The NILs carrying single R genes were also evaluated with the same set of isolates, thereby providing a reference framework to interpret the resistance mechanisms in the japonica varieties (Table 5, Supplementary Table S2). Notably, lines harboring xa5, Xa7, Xa21, and Xa23 consistently showed resistance across representative Xoo isolates. When compared to the japonica varieties, it is evident that certain japonica entries, particularly Japonica 7 and Japonica 2, may share functional resistance pathways similar to those mediated by Xa21 or Xa23, given their broad-spectrum responses.
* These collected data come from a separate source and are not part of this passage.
(* Assume the setting described in the context, let $\gamma<\eta<\min\{\beta,\alpha\}$ with $K\,\mathrm{Lip}_u G\left(\frac{1}{\eta-\gamma}+\frac{1}{\beta-\eta}+\frac{1}{\alpha-\eta}\right)<1$, and let $M^c(\omega)=\{u_0\in H: u(\cdot,u_0,\omega)\in C_\eta\}=\{v+h^c(v,\omega):v\in H^c\}$ be the center manifold of the random equation $\frac{du}{dt}=Au+z(\theta_t\omega)u+G(\theta_t\omega,u)$. Then the random set \[ \widetilde M^c(\omega)=\{e^{z(\omega)}u: u\in M^c(\omega)\}=\{v+e^{z(\omega)}h^c(e^{-z(\omega)}v,\omega): v\in H^c\} \] is a center manifold for the stochastic evolution equation $\frac{du}{dt}=Au+F(u)+u\circ\dot W(t)$; in particular it is forward invariant under the random dynamical system $\hat u$ generated by that equation: $\hat u(t,\widetilde M^c(\omega),\omega)\subset\widetilde M^c(\theta_t\omega)$ for $t\ge0$.
   Context: $H$ is a separable Hilbert space with norm $|\cdot|$. $A:D(A)\to H$ generates a strongly continuous semigroup $e^{At}$ satisfying an exponential trichotomy with exponents $\alpha>\gamma>0>-\gamma>-\beta$ and bound $K$: there are continuous projections $P^c,P^u,P^s$ with $P^c+P^u+P^s=\mathrm{id}$, $P^iP^j=0$ for $i\neq j$, each commuting with $e^{At}$ for $t\ge 0$; with $H^i=P^iH$, $e^{At}|_{H^i}$ is an isomorphism for $t\ge0$ (extended to $t<0$ by inversion); and $|e^{At}P^cv|\le Ke^{\gamma|t|}|P^cv|$ ($t\in\mathbb R$), $|e^{At}P^uv|\le Ke^{\alpha t}|P^uv|$ ($t\le0$), $|e^{At}P^sv|\le Ke^{-\beta t}|P^sv|$ ($t\ge0$). $F:H\to H$, $F(0)=0$, globally Lipschitz. $(\Omega,\mathcal F,\mathbb P,\{\theta_t\})$ is the Wiener shift of a two-sided scalar Wiener process $W$, restricted to a $\theta$-invariant full-measure set of paths with sublinear growth; $z(\omega)=-\mu\int_{-\infty}^0e^{\mu\tau}\omega(\tau)d\tau$ for fixed $\mu>0$, so $z(\theta_t\omega)$ is the stationary solution of $dz+\mu z\,dt=dW$. $G(\omega,u)=e^{-z(\omega)}F(e^{z(\omega)}u)$ with Lipschitz constant $\mathrm{Lip}_uG$ in $u$. $\Psi_A(t,s)=\exp[A(t-s)+\int_s^tz(\theta_r\omega)dr]$; $u(t,u_0,\omega)$ is the mild solution $u(t)=\Psi_A(t,0)u_0+\int_0^t\Psi_A(t,s)G(\theta_s\omega,u(s))ds$. $C_\eta$ is the Banach space of $\phi\in C(\mathbb R,H)$ with $\sup_t \exp[-\eta|t|-\int_0^tz(\theta_r\omega)dr]|\phi(t)|<\infty$. The random dynamical system of the Stratonovich equation $\frac{du}{dt}=Au+F(u)+u\circ\dot W$ is $\hat u(t,v,\omega)=e^{z(\theta_t\omega)}u(t,e^{-z(\omega)}v,\omega)$. A center manifold of a random dynamical system $\phi$ is a forward invariant random set ($\phi(t,M(\omega),\omega)\subset M(\theta_t\omega)$, $t\ge0$) of the form $\{v+h(v,\omega):v\in H^c\}$ with $h(\cdot,\omega):H^c\to H^u\oplus H^s$ Lipschitz, $h(0,\omega)=0$, and $h(v,\cdot)$ measurable. *)

theory Defs
  imports "HOL-Probability.Probability"
begin

definition shift :: "real \<Rightarrow> (real \<Rightarrow> real) \<Rightarrow> (real \<Rightarrow> real)" where
  "shift t \<omega> = (\<lambda>s. \<omega> (s + t) - \<omega> t)"

definition sublinear_paths :: "(real \<Rightarrow> real) set" where
  "sublinear_paths = {\<omega>. continuous_on UNIV \<omega> \<and> \<omega> 0 = 0 \<and>
      ((\<lambda>t. \<omega> t / t) \<longlongrightarrow> 0) at_top \<and> ((\<lambda>t. \<omega> t / t) \<longlongrightarrow> 0) at_bot}"

text \<open>P is the (restricted) two-sided Wiener measure: its sample space is a shift-invariant
  set of sublinearly growing paths, the sigma algebra is generated by the evaluations
  (trace of the Borel sets of the compact-open topology), and the coordinate process is a
  two-sided scalar Wiener process (independent centred Gaussian increments of variance t - s).\<close>
definition wiener_shift_space :: "(real \<Rightarrow> real) measure \<Rightarrow> bool" where
  "wiener_shift_space P \<longleftrightarrow> prob_space P \<and> space P \<subseteq> sublinear_paths \<and>
     (\<forall>t. \<forall>\<omega>\<in>space P. shift t \<omega> \<in> space P) \<and>
     sets P = sigma_sets (space P) {{\<omega>\<in>space P. \<omega> t \<in> B} | t B. B \<in> sets (borel :: real measure)} \<and>
     (\<forall>s t. s < t \<longrightarrow> distributed P lborel (\<lambda>\<omega>. \<omega> t - \<omega> s)
                          (\<lambda>x. ennreal (normal_density 0 (sqrt (t - s)) x))) \<and>
     (\<forall>ts::real list. sorted ts \<longrightarrow> distinct ts \<longrightarrow>
        prob_space.indep_vars P (\<lambda>_. borel :: real measure)
           (\<lambda>i \<omega>. \<omega> (ts ! Suc i) - \<omega> (ts ! i)) {..<length ts - 1})"

text \<open>Stationary Ornstein-Uhlenbeck variable z(omega).\<close>
definition ou :: "real \<Rightarrow> (real \<Rightarrow> real) \<Rightarrow> real" where
  "ou \<mu> \<omega> = - \<mu> * integral {..0} (\<lambda>\<tau>. exp (\<mu> * \<tau>) * \<omega> \<tau>)"

definition oint :: "real \<Rightarrow> real \<Rightarrow> (real \<Rightarrow> real) \<Rightarrow> real" where
  "oint a b f = (if a \<le> b then integral {a..b} f else - integral {b..a} f)"

definition C0_semigroup :: "(real \<Rightarrow> 'a::real_normed_vector \<Rightarrow> 'a) \<Rightarrow> bool" where
  "C0_semigroup T \<longleftrightarrow> (\<forall>t\<ge>0. bounded_linear (T t)) \<and> T 0 = id \<and>
     (\<forall>s\<ge>0. \<forall>t\<ge>0. T (s + t) = T s \<circ> T t) \<and> (\<forall>x. continuous_on {0..} (\<lambda>t. T t x))"

definition generates :: "'a::real_normed_vector set \<Rightarrow> ('a \<Rightarrow> 'a) \<Rightarrow> (real \<Rightarrow> 'a \<Rightarrow> 'a) \<Rightarrow> bool" where
  "generates D A T \<longleftrightarrow> C0_semigroup T \<and>
     D = {x. \<exists>y. ((\<lambda>t. (T t x - x) /\<^sub>R t) \<longlongrightarrow> y) (at_right 0)} \<and>
     (\<forall>x\<in>D. ((\<lambda>t. (T t x - x) /\<^sub>R t) \<longlongrightarrow> A x) (at_right 0))"

definition ext_group :: "(real \<Rightarrow> 'a \<Rightarrow> 'a) \<Rightarrow> ('a \<Rightarrow> 'a) \<Rightarrow> real \<Rightarrow> 'a \<Rightarrow> 'a" where
  "ext_group T P t v = (if 0 \<le> t then T t v else (THE w. w \<in> range P \<and> T (- t) w = v))"

definition exp_trichotomy :: "(real \<Rightarrow> 'a::real_normed_vector \<Rightarrow> 'a) \<Rightarrow> ('a \<Rightarrow> 'a) \<Rightarrow> ('a \<Rightarrow> 'a) \<Rightarrow>
    ('a \<Rightarrow> 'a) \<Rightarrow> real \<Rightarrow> real \<Rightarrow> real \<Rightarrow> real \<Rightarrow> bool" where
  "exp_trichotomy T Pc Pu Ps \<alpha> \<beta> \<gamma> K \<longleftrightarrow> \<alpha> > \<gamma> \<and> \<gamma> > 0 \<and> - \<gamma> > - \<beta> \<and>
     bounded_linear Pc \<and> bounded_linear Pu \<and> bounded_linear Ps \<and>
     (\<forall>x. Pc x + Pu x + Ps x = x) \<and>
     (\<forall>x. Pc (Pu x) = 0 \<and> Pc (Ps x) = 0 \<and> Pu (Pc x) = 0 \<and> Pu (Ps x) = 0 \<and>
          Ps (Pc x) = 0 \<and> Ps (Pu x) = 0) \<and>
     (\<forall>t\<ge>0. \<forall>x. T t (Pc x) = Pc (T t x) \<and> T t (Pu x) = Pu (T t x) \<and> T t (Ps x) = Ps (T t x)) \<and>
     (\<forall>t\<ge>0. bij_betw (T t) (range Pc) (range Pc) \<and> bij_betw (T t) (range Pu) (range Pu)) \<and>
     (\<forall>t v. norm (ext_group T Pc t (Pc v)) \<le> K * exp (\<gamma> * \<bar>t\<bar>) * norm (Pc v)) \<and>
     (\<forall>t\<le>0. \<forall>v. norm (ext_group T Pu t (Pu v)) \<le> K * exp (\<alpha> * t) * norm (Pu v)) \<and>
     (\<forall>t\<ge>0. \<forall>v. norm (T t (Ps v)) \<le> K * exp (- \<beta> * t) * norm (Ps v))"

definition Gfun :: "real \<Rightarrow> ('a::real_normed_vector \<Rightarrow> 'a) \<Rightarrow> (real \<Rightarrow> real) \<Rightarrow> 'a \<Rightarrow> 'a" where
  "Gfun \<mu> F \<omega> u = exp (- ou \<mu> \<omega>) *\<^sub>R F (exp (ou \<mu> \<omega>) *\<^sub>R u)"

definition Psi :: "(real \<Rightarrow> 'a::real_normed_vector \<Rightarrow> 'a) \<Rightarrow> real \<Rightarrow> (real \<Rightarrow> real) \<Rightarrow> real \<Rightarrow> real \<Rightarrow> 'a \<Rightarrow> 'a" where
  "Psi T \<mu> \<omega> t s v = exp (oint s t (\<lambda>r. ou \<mu> (shift r \<omega>))) *\<^sub>R T (t - s) v"

definition mild_fwd :: "(real \<Rightarrow> 'a::banach \<Rightarrow> 'a) \<Rightarrow> real \<Rightarrow> ('a \<Rightarrow> 'a) \<Rightarrow> (real \<Rightarrow> real) \<Rightarrow>
    'a \<Rightarrow> (real \<Rightarrow> 'a) \<Rightarrow> bool" where
  "mild_fwd T \<mu> F \<omega> u0 u \<longleftrightarrow> continuous_on {0..} u \<and>
     (\<forall>t\<ge>0. u t = Psi T \<mu> \<omega> t 0 u0 +
        integral {0..t} (\<lambda>s. Psi T \<mu> \<omega> t s (Gfun \<mu> F (shift s \<omega>) (u s))))"

definition usol :: "(real \<Rightarrow> 'a::banach \<Rightarrow> 'a) \<Rightarrow> real \<Rightarrow> ('a \<Rightarrow> 'a) \<Rightarrow> real \<Rightarrow> 'a \<Rightarrow> (real \<Rightarrow> real) \<Rightarrow> 'a" where
  "usol T \<mu> F t u0 \<omega> = (THE x. \<exists>u. mild_fwd T \<mu> F \<omega> u0 u \<and> x = u t)"

text \<open>The random dynamical system of the Stratonovich equation.\<close>
definition uhat :: "(real \<Rightarrow> 'a::banach \<Rightarrow> 'a) \<Rightarrow> real \<Rightarrow> ('a \<Rightarrow> 'a) \<Rightarrow> real \<Rightarrow> 'a \<Rightarrow> (real \<Rightarrow> real) \<Rightarrow> 'a" where
  "uhat T \<mu> F t v \<omega> = exp (ou \<mu> (shift t \<omega>)) *\<^sub>R usol T \<mu> F t (exp (- ou \<mu> \<omega>) *\<^sub>R v) \<omega>"

definition Ceta :: "real \<Rightarrow> real \<Rightarrow> (real \<Rightarrow> real) \<Rightarrow> (real \<Rightarrow> 'a::real_normed_vector) set" where
  "Ceta \<mu> \<eta> \<omega> = {\<phi>. continuous_on UNIV \<phi> \<and>
      bdd_above (range (\<lambda>t. exp (- \<eta> * \<bar>t\<bar> - oint 0 t (\<lambda>r. ou \<mu> (shift r \<omega>))) * norm (\<phi> t)))}"

definition mild_whole :: "(real \<Rightarrow> 'a::banach \<Rightarrow> 'a) \<Rightarrow> real \<Rightarrow> ('a \<Rightarrow> 'a) \<Rightarrow> (real \<Rightarrow> real) \<Rightarrow>
    (real \<Rightarrow> 'a) \<Rightarrow> bool" where
  "mild_whole T \<mu> F \<omega> \<phi> \<longleftrightarrow> continuous_on UNIV \<phi> \<and>
     (\<forall>s t. s \<le> t \<longrightarrow> \<phi> t = Psi T \<mu> \<omega> t s (\<phi> s) +
        integral {s..t} (\<lambda>r. Psi T \<mu> \<omega> t r (Gfun \<mu> F (shift r \<omega>) (\<phi> r))))"

definition Mcenter :: "(real \<Rightarrow> 'a::banach \<Rightarrow> 'a) \<Rightarrow> real \<Rightarrow> ('a \<Rightarrow> 'a) \<Rightarrow> real \<Rightarrow> (real \<Rightarrow> real) \<Rightarrow> 'a set" where
  "Mcenter T \<mu> F \<eta> \<omega> = {u0. \<exists>\<phi>\<in>Ceta \<mu> \<eta> \<omega>. \<phi> 0 = u0 \<and> mild_whole T \<mu> F \<omega> \<phi>}"

definition cm_graph :: "(real \<Rightarrow> real) measure \<Rightarrow> ('a::real_normed_vector \<Rightarrow> 'a) \<Rightarrow> ('a \<Rightarrow> 'a) \<Rightarrow> ('a \<Rightarrow> 'a) \<Rightarrow>
    (real \<Rightarrow> 'a \<Rightarrow> (real \<Rightarrow> real) \<Rightarrow> 'a) \<Rightarrow> ('a \<Rightarrow> (real \<Rightarrow> real) \<Rightarrow> 'a) \<Rightarrow> bool" where
  "cm_graph P Pc Pu Ps \<phi> h \<longleftrightarrow>
     (let M = (\<lambda>\<omega>. {v + h v \<omega> | v. v \<in> range Pc}) in
       (\<forall>\<omega>\<in>space P. (\<forall>v\<in>range Pc. h v \<omega> \<in> range (\<lambda>x. Pu x + Ps x)) \<and>
           (\<exists>L. L-lipschitz_on (range Pc) (\<lambda>v. h v \<omega>)) \<and> h 0 \<omega> = 0) \<and>
       (\<forall>v\<in>range Pc. (\<lambda>\<omega>. h v \<omega>) \<in> borel_measurable P) \<and>
       (\<forall>x. (\<lambda>\<omega>. infdist x (M \<omega>)) \<in> borel_measurable P) \<and>
       (\<forall>\<omega>\<in>space P. \<forall>t\<ge>0. (\<lambda>x. \<phi> t x \<omega>) ` M \<omega> \<subseteq> M (shift t \<omega>)))"

end

theory Submission
  imports Defs
begin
3.3. RTSV and BPH Resistance

The resistance screening against RTSV was performed across four consecutive seasons using the same japonica entries (Table 6). The results revealed a consistent but seasonally influenced pattern of resistance expression. In the 2023 dry season (DS), five entries, MS 11, Japonica 1, Japonica 2, Japonica 6, and Cordillera 4, were rated moderately resistant (MR), while Japonica 7 showed a stronger reaction, being rated resistant (R). By contrast, in the 2023 wet season (WS), all six entries exhibited an R rating, showing complete resistance across the japonica panel. In the following year, however, resistance expression decreased. During 2024 DS and 2024 WS, all six entries were consistently rated MR. Despite these seasonal shifts, no entry was rated Susceptible (S) in any season.
Resistance to BPH was evaluated in the same six japonica entries across the same four seasons (Table 6). In contrast to the RTSV results, BPH resistance showed greater variation both across seasons and among varieties, with no uniformly stable resistant type observed. Cordillera 4 and Japonica 7 exhibited the strongest resistance profiles among the panel. Cordillera 4 was rated MR in 2023 DS and 2024 DS, and notably R in 2024 WS, while Japonica 7 showed a similar trend, being rated MR in 2023 DS and 2024 DS and R in 2024 WS. In contrast, Japonica 1 and MS 11 were the most vulnerable, receiving three S ratings and only one MR rating each across the four seasons. Japonica 2 and Japonica 6 displayed intermediate but unstable resistance, with both varieties recording two MR and two S ratings.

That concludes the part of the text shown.